Расставание с Эшгольцем было заметным рубежом в жизни Кнехта. Если до сих пор он жил в счастливом детстве, в гармонии полного готовности, почти бездумного подчинения, то теперь начался период борьбы, развития и проблем. Ему было около семнадцати лет, когда ему и ряду его однокашников объявили о скором переводе в школу более высокой ступени и на какое-то короткое время для избранных не стало вопроса более важного и чаще обсуждаемого, чем вопрос о месте, куда каждого из них пересадят. По традиции место это называли каждому лишь перед самым отъездом, а в промежутке между праздником выпуска и отъездом были каникулы. Во время этих каникул произошло одно прекрасное и важное для Кнехта событие: мастер музыки предложил Кнехту проделать пеший поход к нему и погостить у него несколько дней. Это была большая и редкая честь. С одним из своих товарищей-выпускников – ибо Кнехт числился еще в Эшгольце, а ученикам этой ступени путешествовать в одиночку не разрешалось – он отправился ранним утром в сторону леса и гор, и, выйдя после трех часов подъема в лесной тени на открытую круглую вершину, они увидели внизу свой уже маленький и легкообозримый Эшгольц, узнать который можно было издалека по темной массе пяти исполинских деревьев, по прямоугольнику газона с зеркалами прудов, с высоким зданием школы, службами, деревушкой, со знаменитой ясеневой рощей.[17] Оба остановились и поглядели вниз; многие из нас помнят этот прелестный вид, он тогда не очень отличался от нынешнего, ибо после большого пожара здания были отстроены заново почти без изменений, а из высоких деревьев три пережили пожар. Юноши увидели внизу свою школу, которая несколько лет была их отчизной и с которой им предстояло скоро расстаться, и у обоих защемило сердце от этого зрелища.
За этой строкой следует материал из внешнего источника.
(* Let $n\ge1$ and let $P_4(x,y;n)$ be the polynomial defined below. If $u,v$ are nonnegative integers with $u+v\le n-1$, then $P_4(-u,-v;n)=0$.
   Context: $E(x,y;n):=\det_{0\le i,j\le n-1}\left(\frac{(x+y+i+j-1)!\,(y-x+3j-3i)}{(x+2i-j+1)!\,(y+2j-i+1)!}\right)$, with $1/k!:=0$ for negative integers $k$; $(a)_k:=a(a+1)\cdots(a+k-1)$, $(a)_0:=1$. $P_4(x,y;n)$ denotes the (unique) polynomial in $x,y$ such that for all nonnegative integers $x,y$ with $x+y\ge1$: $E(x,y;n)=\prod_{i=0}^{n-1}\frac{(x+y+i-1)!\,(2x+y+2i+1)_i\,(x+2y+2i+1)_i}{(x+2i+1)!\,(y+2i+1)!}\cdot P_4(x,y;n)$ (such a polynomial exists). *)

theory Defs
  imports Main "Jordan_Normal_Form.Determinant"
begin

definition inv_fact :: "int \<Rightarrow> real" where
  "inv_fact k = (if k < 0 then 0 else 1 / fact (nat k))"

text \<open>Matrix entry (i,j) of the determinant E(x,y;n), for nonnegative integers x,y with x+y \<ge> 1
  (so that (x+y+i+j-1)! is a factorial of a nonnegative integer).\<close>
definition E_entry :: "nat \<Rightarrow> nat \<Rightarrow> nat \<Rightarrow> nat \<Rightarrow> real" where
  "E_entry x y i j =
     fact (nat (int x + int y + int i + int j - 1))
     * (real_of_int (int y - int x + 3 * int j - 3 * int i))
     * inv_fact (int x + 2 * int i - int j + 1)
     * inv_fact (int y + 2 * int j - int i + 1)"

definition E :: "nat \<Rightarrow> nat \<Rightarrow> nat \<Rightarrow> real" where
  "E x y n = det (mat n n (\<lambda>(i, j). E_entry x y i j))"

definition E_prefactor :: "nat \<Rightarrow> nat \<Rightarrow> nat \<Rightarrow> real" where
  "E_prefactor x y n =
     (\<Prod>i<n. fact (x + y + i - 1)
              * pochhammer (real (2 * x + y + 2 * i + 1)) i
              * pochhammer (real (x + 2 * y + 2 * i + 1)) i
              / (fact (x + 2 * i + 1) * fact (y + 2 * i + 1)))"

definition bivariate_polynomial :: "(real \<Rightarrow> real \<Rightarrow> real) \<Rightarrow> bool" where
  "bivariate_polynomial f \<longleftrightarrow>
     (\<exists>N c. \<forall>x y. f x y = (\<Sum>i\<le>N. \<Sum>j\<le>N. c i j * x ^ i * y ^ j))"

end

theory Submission
  imports Defs "HOL-Analysis.Weierstrass_Theorems" "HOL-Computational_Algebra.Polynomial"
begin

(*
  Removing the factorial factors of row i and column j from the matrix of E leaves
  E_poly, the determinant of a matrix whose entries are polynomials in x and y, and
  the same factors relate E_prefactor to a polynomial prefactor_poly.  Hence
  E_poly = prefactor_poly * P4 on the positive integer grid, and so everywhere.

  Now restrict to the line t -> (t - u, -v - t) through (-u, -v).  Everything in
  sight is a product of linear functions of t, and prefactor_poly vanishes at t = 0
  to some exact order N.  In the Leibniz expansion of E_poly, a permutation p with
  p i > u + v - i for some i <= u + v contributes nothing, since the entry (i, p i)
  contains the factor (i - u - v)_(p i) = 0.  Injectivity forces every other p to
  map i to u + v - i for all i <= u + v, and counting the linear factors of these
  antidiagonal entries that vanish at t = 0 gives exactly N + 1.  So
  prefactor_poly * P4 vanishes to order N + 1 on the line, and P4 (-u, -v) = 0.
*)

(* HOL-Analysis also has a constant mat, which would shadow the matrices of E. *)
hide_const (open) Finite_Cartesian_Product.mat
(* Let $\mathcal A$ be a von Neumann algebra, $G$ a group of normal $*$-automorphisms of $\mathcal A$, and $\varphi$ a faithful $G$-strongly quasi invariant state on $\mathcal A$ with cocycles $(x_g)_{g\in G}$. If $x_g\in\mathcal F(G)$ for some $g\in G$, then $x_g=\mathbf 1$.
   Context: $\varphi$ is $G$-strongly quasi invariant if $\varphi$ is a faithful normal state and for every $g\in G$ there is a self-adjoint $x_g\in\mathcal A$ with $\varphi(g(a))=\varphi(x_ga)$ for all $a\in\mathcal A$. $\mathcal F(G)=\{a\in\mathcal A:h(a)=a\ \forall h\in G\}$. *)

theory Defs
  imports Complex_Main
begin

class chilbert = ab_group_add +
  fixes scaleC :: "complex \<Rightarrow> 'a \<Rightarrow> 'a"
    and cinner :: "'a \<Rightarrow> 'a \<Rightarrow> complex"
  assumes scaleC_add_right: "scaleC a (x + y) = scaleC a x + scaleC a y"
    and scaleC_add_left: "scaleC (a + b) x = scaleC a x + scaleC b x"
    and scaleC_scaleC: "scaleC a (scaleC b x) = scaleC (a * b) x"
    and scaleC_one: "scaleC 1 x = x"
    and cinner_commute: "cinner x y = cnj (cinner y x)"
    and cinner_add_right: "cinner x (y + z) = cinner x y + cinner x z"
    and cinner_scaleC_right: "cinner x (scaleC a y) = a * cinner x y"
    and cinner_self_nonneg: "Im (cinner x x) = 0 \<and> 0 \<le> Re (cinner x x)"
    and cinner_self_zero: "cinner x x = 0 \<Longrightarrow> x = 0"
    and cinner_complete:
      "(\<forall>e>0. \<exists>N::nat. \<forall>m\<ge>N. \<forall>n\<ge>N. sqrt (Re (cinner (X m - X n) (X m - X n))) < e)
       \<Longrightarrow> \<exists>L. \<forall>e>0. \<exists>N::nat. \<forall>n\<ge>N. sqrt (Re (cinner (X n - L) (X n - L))) < e"

definition cnorm :: "'h::chilbert \<Rightarrow> real" where
  "cnorm x = sqrt (Re (cinner x x))"

definition bounded_op :: "('h::chilbert \<Rightarrow> 'h) \<Rightarrow> bool" where
  "bounded_op T \<longleftrightarrow> (\<forall>x y. T (x + y) = T x + T y) \<and> (\<forall>a x. T (scaleC a x) = scaleC a (T x))
     \<and> (\<exists>K. \<forall>x. cnorm (T x) \<le> K * cnorm x)"

definition adjoint :: "('h::chilbert \<Rightarrow> 'h) \<Rightarrow> ('h \<Rightarrow> 'h)" where
  "adjoint T = (THE S. \<forall>x y. cinner (T x) y = cinner x (S y))"

definition op_add :: "('h::chilbert \<Rightarrow> 'h) \<Rightarrow> ('h \<Rightarrow> 'h) \<Rightarrow> ('h \<Rightarrow> 'h)" where
  "op_add A B = (\<lambda>x. A x + B x)"

definition op_scale :: "complex \<Rightarrow> ('h::chilbert \<Rightarrow> 'h) \<Rightarrow> ('h \<Rightarrow> 'h)" where
  "op_scale c A = (\<lambda>x. scaleC c (A x))"

definition op_zero :: "'h::chilbert \<Rightarrow> 'h" where
  "op_zero = (\<lambda>x. 0)"

text \<open>Operator product is composition; the unit is id.\<close>

definition op_pos :: "('h::chilbert \<Rightarrow> 'h) \<Rightarrow> bool" where
  "op_pos T \<longleftrightarrow> (\<forall>x. Im (cinner x (T x)) = 0 \<and> 0 \<le> Re (cinner x (T x)))"

definition op_le :: "('h::chilbert \<Rightarrow> 'h) \<Rightarrow> ('h \<Rightarrow> 'h) \<Rightarrow> bool" where
  "op_le A B \<longleftrightarrow> op_pos (\<lambda>x. B x - A x)"

definition commutant :: "('h::chilbert \<Rightarrow> 'h) set \<Rightarrow> ('h \<Rightarrow> 'h) set" where
  "commutant S = {T. bounded_op T \<and> (\<forall>A\<in>S. T \<circ> A = A \<circ> T)}"

definition von_neumann_algebra :: "('h::chilbert \<Rightarrow> 'h) set \<Rightarrow> bool" where
  "von_neumann_algebra M \<longleftrightarrow> M \<subseteq> {T. bounded_op T} \<and> (\<forall>A\<in>M. adjoint A \<in> M)
     \<and> M = commutant (commutant M)"

definition is_lub_in :: "('h::chilbert \<Rightarrow> 'h) set \<Rightarrow> ('h \<Rightarrow> 'h) set \<Rightarrow> ('h \<Rightarrow> 'h) \<Rightarrow> bool" where
  "is_lub_in M D a \<longleftrightarrow> a \<in> M \<and> adjoint a = a \<and> (\<forall>A\<in>D. op_le A a)
     \<and> (\<forall>b\<in>M. adjoint b = b \<and> (\<forall>A\<in>D. op_le A b) \<longrightarrow> op_le a b)"

text \<open>Bounded increasing nets of positive elements, represented by their (upward directed) ranges.\<close>
definition pos_directed_in :: "('h::chilbert \<Rightarrow> 'h) set \<Rightarrow> ('h \<Rightarrow> 'h) set \<Rightarrow> bool" where
  "pos_directed_in M D \<longleftrightarrow> D \<subseteq> M \<and> D \<noteq> {} \<and> (\<forall>A\<in>D. op_pos A)
     \<and> (\<forall>A\<in>D. \<forall>B\<in>D. \<exists>C\<in>D. op_le A C \<and> op_le B C)"

definition normal_star_automorphism ::
  "('h::chilbert \<Rightarrow> 'h) set \<Rightarrow> (('h \<Rightarrow> 'h) \<Rightarrow> ('h \<Rightarrow> 'h)) \<Rightarrow> bool" where
  "normal_star_automorphism M \<alpha> \<longleftrightarrow> bij_betw \<alpha> M M
     \<and> (\<forall>A\<in>M. \<forall>B\<in>M. \<alpha> (op_add A B) = op_add (\<alpha> A) (\<alpha> B))
     \<and> (\<forall>c. \<forall>A\<in>M. \<alpha> (op_scale c A) = op_scale c (\<alpha> A))
     \<and> (\<forall>A\<in>M. \<forall>B\<in>M. \<alpha> (A \<circ> B) = \<alpha> A \<circ> \<alpha> B)
     \<and> (\<forall>A\<in>M. \<alpha> (adjoint A) = adjoint (\<alpha> A))
     \<and> (\<forall>D a. pos_directed_in M D \<and> is_lub_in M D a \<longrightarrow> is_lub_in M (\<alpha> ` D) (\<alpha> a))"
(* Let $k\ge 3$ be an integer and let $\Omega\subset\mathbb{R}^4$ be a domain with smooth boundary and outer unit normal $\nu$. The boundary value problem for $\mathbb{C}^{2k}$-valued $u$: $\square_1^{(k)}u=f$ on $\Omega$, $D_0^{(k)*}(\nu)u|_{\partial\Omega}=0$, $D_1^{(k)*}(\nu)D_1^{(k)}u|_{\partial\Omega}=0$, is regular (satisfies the Shapiro–Lopatinskii condition).
   Context: Coordinates $x=(x_0,\dots,x_3)$; $\partial_{z_0}=\partial_{x_0}-i\partial_{x_1}$, $\partial_{\bar z_0}=\partial_{x_0}+i\partial_{x_1}$, $\partial_{z_1}=\partial_{x_2}-i\partial_{x_3}$, $\partial_{\bar z_1}=\partial_{x_2}+i\partial_{x_3}$. $D_0^{(k)}(\phi_0,\dots,\phi_k)=(\psi_0,\dots,\psi_{2k-1})$ with $\psi_{2j}=-\partial_{\bar z_1}\phi_j-\partial_{\bar z_0}\phi_{j+1}$, $\psi_{2j+1}=\partial_{z_0}\phi_j-\partial_{z_1}\phi_{j+1}$ ($0\le j\le k-1$); $(D_1^{(k)}\psi)_j=-\partial_{z_0}\psi_{2j}-\partial_{\bar z_1}\psi_{2j+1}+\partial_{z_1}\psi_{2j+2}-\partial_{\bar z_0}\psi_{2j+3}$ ($0\le j\le k-2$). For $D=\sum_jA_j\partial_{x_j}$ with constant matrices, $D^*=-\sum_j\overline{A_j}^{\,t}\partial_{x_j}$ and $D(\nu)=\sum_jA_j\nu_j$. $\square_1^{(k)}=D_0^{(k)}D_0^{(k)*}+D_1^{(k)*}D_1^{(k)}$ (an elliptic second-order operator). Regularity (Shapiro–Lopatinskii): for each $x\in\partial\Omega$ and nonzero $\xi\in\mathbb{R}^4$ with $\xi\perp\nu_x$, the only bounded solution $u\in C^\infty([0,\infty),\mathbb{C}^{2k})$ of $\square_1^{(k)}(i\xi+n\partial_t)u(t)=0$ with $D_0^{(k)*}(n)u(0)=0$ and $D_1^{(k)*}(n)D_1^{(k)}(i\xi+n\partial_t)u(0)=0$ is $u=0$, where $n$ is the inner unit normal at $x$ and $Q(i\xi+n\partial_t)$ means replacing each $\partial_{x_l}$ by $i\xi_l+n_l\partial_t$. *)

theory Defs
  imports "HOL-Analysis.Analysis"
begin

definition cmp :: "real^4 \<Rightarrow> nat \<Rightarrow> real" where
  "cmp x j = x $ (of_nat j :: 4)"

text \<open>A first-order constant-coefficient operator  D = sum_j A_j d/dx_j  (j<4) is given by
  its coefficient family  A j r c  (row r, column c of the matrix A_j).
  Vector-valued functions are  nat => (real => complex)  (component index first).
  The partial derivatives are supplied as a family  P :: nat => (real => complex) => (real => complex),
  P l standing for  d/dx_l.\<close>

type_synonym coeffs = "nat \<Rightarrow> nat \<Rightarrow> nat \<Rightarrow> complex"

definition apply_op :: "coeffs \<Rightarrow> nat \<Rightarrow> (nat \<Rightarrow> (real \<Rightarrow> complex) \<Rightarrow> (real \<Rightarrow> complex))
    \<Rightarrow> (nat \<Rightarrow> real \<Rightarrow> complex) \<Rightarrow> (nat \<Rightarrow> real \<Rightarrow> complex)" where
  "apply_op A p P u = (\<lambda>r t. \<Sum>j<4. \<Sum>c<p. A j r c * P j (u c) t)"

definition adj :: "coeffs \<Rightarrow> coeffs" where
  "adj A = (\<lambda>j r c. - cnj (A j c r))"

definition symb :: "coeffs \<Rightarrow> real^4 \<Rightarrow> nat \<Rightarrow> nat \<Rightarrow> complex" where
  "symb A v = (\<lambda>r c. \<Sum>j<4. A j r c * complex_of_real (cmp v j))"

text \<open>Coefficients of d/dz0, d/dzbar0, d/dz1, d/dzbar1 w.r.t. d/dx0..d/dx3.\<close>
definition dz0 :: "nat \<Rightarrow> complex" where
  "dz0 j = (if j = 0 then 1 else if j = 1 then - \<i> else 0)"
definition dzb0 :: "nat \<Rightarrow> complex" where
  "dzb0 j = (if j = 0 then 1 else if j = 1 then \<i> else 0)"
definition dz1 :: "nat \<Rightarrow> complex" where
  "dz1 j = (if j = 2 then 1 else if j = 3 then - \<i> else 0)"
definition dzb1 :: "nat \<Rightarrow> complex" where
  "dzb1 j = (if j = 2 then 1 else if j = 3 then \<i> else 0)"

text \<open>D_0^{(k)} : (phi_0..phi_k) |-> (psi_0..psi_{2k-1}),
  psi_{2m} = - dzbar1 phi_m - dzbar0 phi_{m+1},  psi_{2m+1} = dz0 phi_m - dz1 phi_{m+1}.\<close>
definition D0 :: "nat \<Rightarrow> coeffs" where
  "D0 k = (\<lambda>j r c.
     if r < 2 * k then
       (if even r then
          (if c = r div 2 then - dzb1 j else if c = r div 2 + 1 then - dzb0 j else 0)
        else
          (if c = r div 2 then dz0 j else if c = r div 2 + 1 then - dz1 j else 0))
     else 0)"

text \<open>D_1^{(k)} : (psi_0..psi_{2k-1}) |-> ((D_1 psi)_0 .. (D_1 psi)_{k-2}),
  (D_1 psi)_m = - dz0 psi_{2m} - dzbar1 psi_{2m+1} + dz1 psi_{2m+2} - dzbar0 psi_{2m+3}.\<close>
definition D1 :: "nat \<Rightarrow> coeffs" where
  "D1 k = (\<lambda>j r c.
     if r + 2 \<le> k then
       (if c = 2 * r then - dz0 j
        else if c = 2 * r + 1 then - dzb1 j
        else if c = 2 * r + 2 then dz1 j
        else if c = 2 * r + 3 then - dzb0 j
        else 0)
     else 0)"

definition box1 :: "nat \<Rightarrow> (nat \<Rightarrow> (real \<Rightarrow> complex) \<Rightarrow> (real \<Rightarrow> complex))
    \<Rightarrow> (nat \<Rightarrow> real \<Rightarrow> complex) \<Rightarrow> (nat \<Rightarrow> real \<Rightarrow> complex)" where
  "box1 k P u = (\<lambda>r t.
      apply_op (D0 k) (k + 1) P (apply_op (adj (D0 k)) (2 * k) P u) r t
    + apply_op (adj (D1 k)) (k - 1) P (apply_op (D1 k) (2 * k) P u) r t)"

definition subst_deriv :: "real^4 \<Rightarrow> real^4 \<Rightarrow> nat \<Rightarrow> (real \<Rightarrow> complex) \<Rightarrow> (real \<Rightarrow> complex)" where
  "subst_deriv \<xi> n l f = (\<lambda>t. \<i> * complex_of_real (cmp \<xi> l) * f t
      + complex_of_real (cmp n l) * vector_derivative f (at t within {0..}))"

definition smooth_halfline :: "(real \<Rightarrow> complex) \<Rightarrow> bool" where
  "smooth_halfline f \<longleftrightarrow> (\<exists>F :: nat \<Rightarrow> real \<Rightarrow> complex.
      (\<forall>t\<ge>0. F 0 t = f t) \<and>
      (\<forall>m. \<forall>t\<ge>0. (F m has_vector_derivative F (Suc m) t) (at t within {0..})))"

text \<open>Shapiro--Lopatinskii regularity of the boundary problem
  box u = f, D_0^*(nu) u = 0, D_1^*(nu) D_1 u = 0 on the boundary, as in the paper:
  n = - nu x is the inner unit normal.\<close>
definition SL_regular :: "nat \<Rightarrow> (real^4) set \<Rightarrow> (real^4 \<Rightarrow> real^4) \<Rightarrow> bool" where
  "SL_regular k \<Omega> \<nu> \<longleftrightarrow>
    (\<forall>x\<in>frontier \<Omega>. \<forall>\<xi>::real^4. \<xi> \<noteq> 0 \<and> \<xi> \<bullet> \<nu> x = 0 \<longrightarrow>
      (let n = - \<nu> x; P = subst_deriv \<xi> n in
       \<forall>u :: nat \<Rightarrow> real \<Rightarrow> complex.
         (\<forall>c<2*k. smooth_halfline (u c)) \<and>
         (\<forall>c<2*k. bounded (u c ` {0..})) \<and>
         (\<forall>r<2*k. \<forall>t\<ge>0. box1 k P u r t = 0) \<and>
         (\<forall>r<k+1. (\<Sum>c<2*k. symb (adj (D0 k)) n r c * u c 0) = 0) \<and>
         (\<forall>r<2*k. (\<Sum>c<k-1. symb (adj (D1 k)) n r c * apply_op (D1 k) (2*k) P u c 0) = 0)
         \<longrightarrow> (\<forall>c<2*k. \<forall>t\<ge>0. u c t = 0)))"

end

theory Submission
  imports Defs "HOL-Real_Asymp.Real_Asymp"
begin

text \<open>Along the inner normal ray the boundary problem becomes a system of ODEs in \<open>t\<close>.
  For \<open>u = (\<phi>\<^sub>0, \<dots>, \<phi>\<^sub>2\<^sub>k\<^sub>-\<^sub>1)\<close> put \<open>\<alpha>\<^sub>m = dz1 \<phi>\<^sub>2\<^sub>m - dzb0 \<phi>\<^sub>2\<^sub>m\<^sub>+\<^sub>1\<close> and
  \<open>\<beta>\<^sub>m = dz0 \<phi>\<^sub>2\<^sub>m + dzb1 \<phi>\<^sub>2\<^sub>m\<^sub>+\<^sub>1\<close>; then \<open>D\<^sub>0\<^sup>* u\<close> and \<open>D\<^sub>1 u\<close> are built from
  \<open>\<alpha>\<close> and \<open>\<beta>\<close>, and the components of \<open>\<box> u\<close> are first-order expressions in
  \<open>\<alpha>\<^sub>m, \<beta>\<^sub>m\<close>. Eliminating gives \<open>\<Delta>\<alpha>\<^sub>m = \<Delta>\<beta>\<^sub>m = 0\<close> for \<open>\<Delta> = d\<^sup>2/dt\<^sup>2 - |\<xi>|\<^sup>2\<close>, hence
  \<open>\<Delta>\<^sup>2 u = 0\<close>, and a bounded solution has the form \<open>(a + b t) exp (-|\<xi>| t)\<close>.
  On these exponential polynomials the \<open>L\<^sup>2(0,\<infinity>)\<close> pairing of \<open>\<box> u\<close> with \<open>u\<close> is,
  after integration by parts, a sum of energies \<open>\<parallel>\<alpha>\<^sub>m\<parallel>\<^sup>2, \<parallel>\<beta>\<^sub>m\<parallel>\<^sup>2\<close> plus boundary terms,
  and the two boundary conditions make the boundary terms telescope away. So
  \<open>\<alpha> = \<beta> = 0\<close>, which kills the coefficients \<open>b\<close>; the first boundary condition then
  propagates along \<open>m = 0, \<dots>, k - 1\<close> and kills the coefficients \<open>a\<close>.\<close>

section \<open>Towers of derivatives on the half-line\<close>

lemma at_within_nonneg_nontrivial:
  assumes "(t::real) \<ge> 0"
  shows "at t within {0..} \<noteq> bot"
proof -
  have "at_right t \<le> at t within {0..}"
    using assms by (intro at_le) auto
  then show ?thesis
    using trivial_limit_at_right_real by (metis bot.extremum_uniqueI)
qed

definition deriv_tower :: "(nat \<Rightarrow> real \<Rightarrow> complex) \<Rightarrow> bool" where
  "deriv_tower G \<longleftrightarrow>
     (\<forall>i t. t \<ge> 0 \<longrightarrow> (G i has_vector_derivative G (Suc i) t) (at t within {0..}))"

lemma smooth_halfline_deriv_tower:
  assumes "smooth_halfline f"
  obtains G where "deriv_tower G" "\<And>t. t \<ge> 0 \<Longrightarrow> G 0 t = f t"
  using assms unfolding smooth_halfline_def deriv_tower_def by blast

lemma deriv_tower_lincomb:
  assumes "deriv_tower G" "deriv_tower H"
  shows "deriv_tower (\<lambda>i t. a * G i t + b * H i t)"
  using assms unfolding deriv_tower_def by (auto intro!: derivative_eq_intros)

lemma deriv_tower_vanishes:
  assumes "deriv_tower G" "\<And>t. t \<ge> 0 \<Longrightarrow> G 0 t = 0" "t \<ge> 0"
  shows "G i t = 0"
  using assms(3)
proof (induction i arbitrary: t)
  case 0
  then show ?case using assms(2) by simp
next
  case (Suc i)
  have "(G i has_vector_derivative G (Suc i) t) (at t within {0..})"
    using assms(1) Suc.prems unfolding deriv_tower_def by auto
  moreover have "(G i has_vector_derivative 0) (at t within {0..})"
    by (rule has_vector_derivative_transform[where f="\<lambda>_. 0"]) (use Suc in auto)
  ultimately show ?case
    using vector_derivative_unique_within[OF at_within_nonneg_nontrivial[OF Suc.prems]] by blast
qed

lemma deriv_tower_unique:
  assumes "deriv_tower G" "deriv_tower H" "\<And>t. t \<ge> 0 \<Longrightarrow> G 0 t = H 0 t" "t \<ge> 0"
  shows "G i t = H i t"
  using deriv_tower_vanishes[OF deriv_tower_lincomb[OF assms(1,2), of 1 "-1"], where i=i and t=t] assms(3,4)
  by auto

lemma vector_derivative_deriv_tower:
  assumes "deriv_tower G" "\<And>t. t \<ge> 0 \<Longrightarrow> f t = G 0 t" "t \<ge> 0"
  shows "vector_derivative f (at t within {0..}) = G 1 t"
proof -
  have "(G 0 has_vector_derivative G 1 t) (at t within {0..})"
    using assms(1,3) unfolding deriv_tower_def by auto
  then have "(f has_vector_derivative G 1 t) (at t within {0..})"
    by (rule has_vector_derivative_transform[rotated 2]) (use assms in auto)
  then show ?thesis
    by (rule vector_derivative_within[OF at_within_nonneg_nontrivial[OF assms(3)]])
qed

section \<open>Linear ODEs with constant coefficients\<close>

definition expc :: "real \<Rightarrow> real \<Rightarrow> complex" where
  "expc c t = exp (complex_of_real (c * t))"

lemma has_vector_derivative_expc:
  "(expc c has_vector_derivative (of_real c * expc c t)) (at t within S)"
proof -
  have "((\<lambda>z. exp (of_real c * z)) has_field_derivative (of_real c * exp (of_real c * of_real t)))
          (at (of_real t))"
    by (auto intro!: derivative_eq_intros)
  moreover have "expc c = (\<lambda>x. exp (of_real c * of_real x))"
    by (simp add: expc_def fun_eq_iff)
  ultimately show ?thesis
    using has_vector_derivative_real_field by (simp add: expc_def)
qed

lemma expc_at_0 [simp]: "expc c 0 = 1"
  by (simp add: expc_def)

lemma expc_nonzero [simp]: "expc c t \<noteq> 0"
  by (simp add: expc_def)

lemma expc_mult: "expc c t * expc d t = expc (c + d) t"
  by (simp add: expc_def exp_add[symmetric] algebra_simps)

lemma expc_mult_neg: "expc c t * expc (- c) t = 1"
  using expc_mult[of c t "- c"] by (simp add: expc_def)

lemma norm_expc: "norm (expc c t) = exp (c * t)"
  by (simp add: expc_def exp_of_real)

lemma first_order_ode_solution:
  fixes f h g :: "real \<Rightarrow> complex"
  assumes "\<And>t. t \<ge> 0 \<Longrightarrow> (f has_vector_derivative (of_real c * f t + g t)) (at t within {0..})"
    and "\<And>t. t \<ge> 0 \<Longrightarrow> (h has_vector_derivative (of_real c * h t + g t)) (at t within {0..})"
    and "t \<ge> 0"
  shows "f t = h t + (f 0 - h 0) * expc c t"
proof -
  define q where "q t = (f t - h t) * expc (-c) t" for t
  have "(q has_vector_derivative 0) (at t within {0..})" if "t \<in> {0..}" for t
  proof -
    have "(q has_vector_derivative ((of_real c * f t + g t) - (of_real c * h t + g t)) * expc (-c) t
            + (f t - h t) * (of_real (-c) * expc (-c) t)) (at t within {0..})"
      unfolding q_def using assms(1,2) that
      by (auto intro!: derivative_eq_intros has_vector_derivative_expc simp: algebra_simps)
    then show ?thesis by (simp add: algebra_simps)
  qed
  then obtain C where C: "\<And>t. t \<in> {0..} \<Longrightarrow> q t = C"
    using has_vector_derivative_zero_constant[of "{0::real..}" q]
    by (auto simp: convex_real_interval)
  then have "q t = q 0"
    using assms(3) by auto
  then have "(f t - h t) * expc (-c) t = f 0 - h 0"
    by (simp add: q_def)
  then have "(f t - h t) * (expc (-c) t * expc c t) = (f 0 - h 0) * expc c t"
    by (simp add: mult.assoc)
  then show ?thesis
    by (simp add: mult.commute[of "expc (-c) t"] expc_mult_neg algebra_simps)
qed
– Мне кажется, я никогда по-настоящему не видел, как это красиво, – сказал спутник Иозефа. – Ну да это, наверно, потому, что я в первый раз смотрю на все как на что-то, с чем я должен проститься и расстаться.
– В том-то и дело, – сказал Кнехт, – ты прав, у меня такое же чувство. Но хотя мы и уйдем отсюда, мы ведь, по сути, по-настоящему Эшгольц все-таки не покинем. По-настоящему покинули его лишь те, что ушли навсегда, тот Отто, например, который умел сочинять такие чудесные шуточные стихи на латыни, или наш Шарлемань, который умел так долго плавать под водой, и другие. Они действительно расстались и распрощались. Я давно уже не думал о них, а сейчас они мне вспоминаются. Хочешь – смейся, но в этих отступниках есть что-то, внушающее мне уважение, как есть что-то великое в ангеле-отщепенце Люцифере. Они, может быть, поступили неверно, они, даже вне всяких сомнений, поступили неверно, и все же: они как-то поступили, они что-то совершили, они отважились сделать прыжок, для этого нужна храбрость. У нас же было прилежание, было терпение, был разум, но сделать мы ничего не сделали, прыжка мы не совершили!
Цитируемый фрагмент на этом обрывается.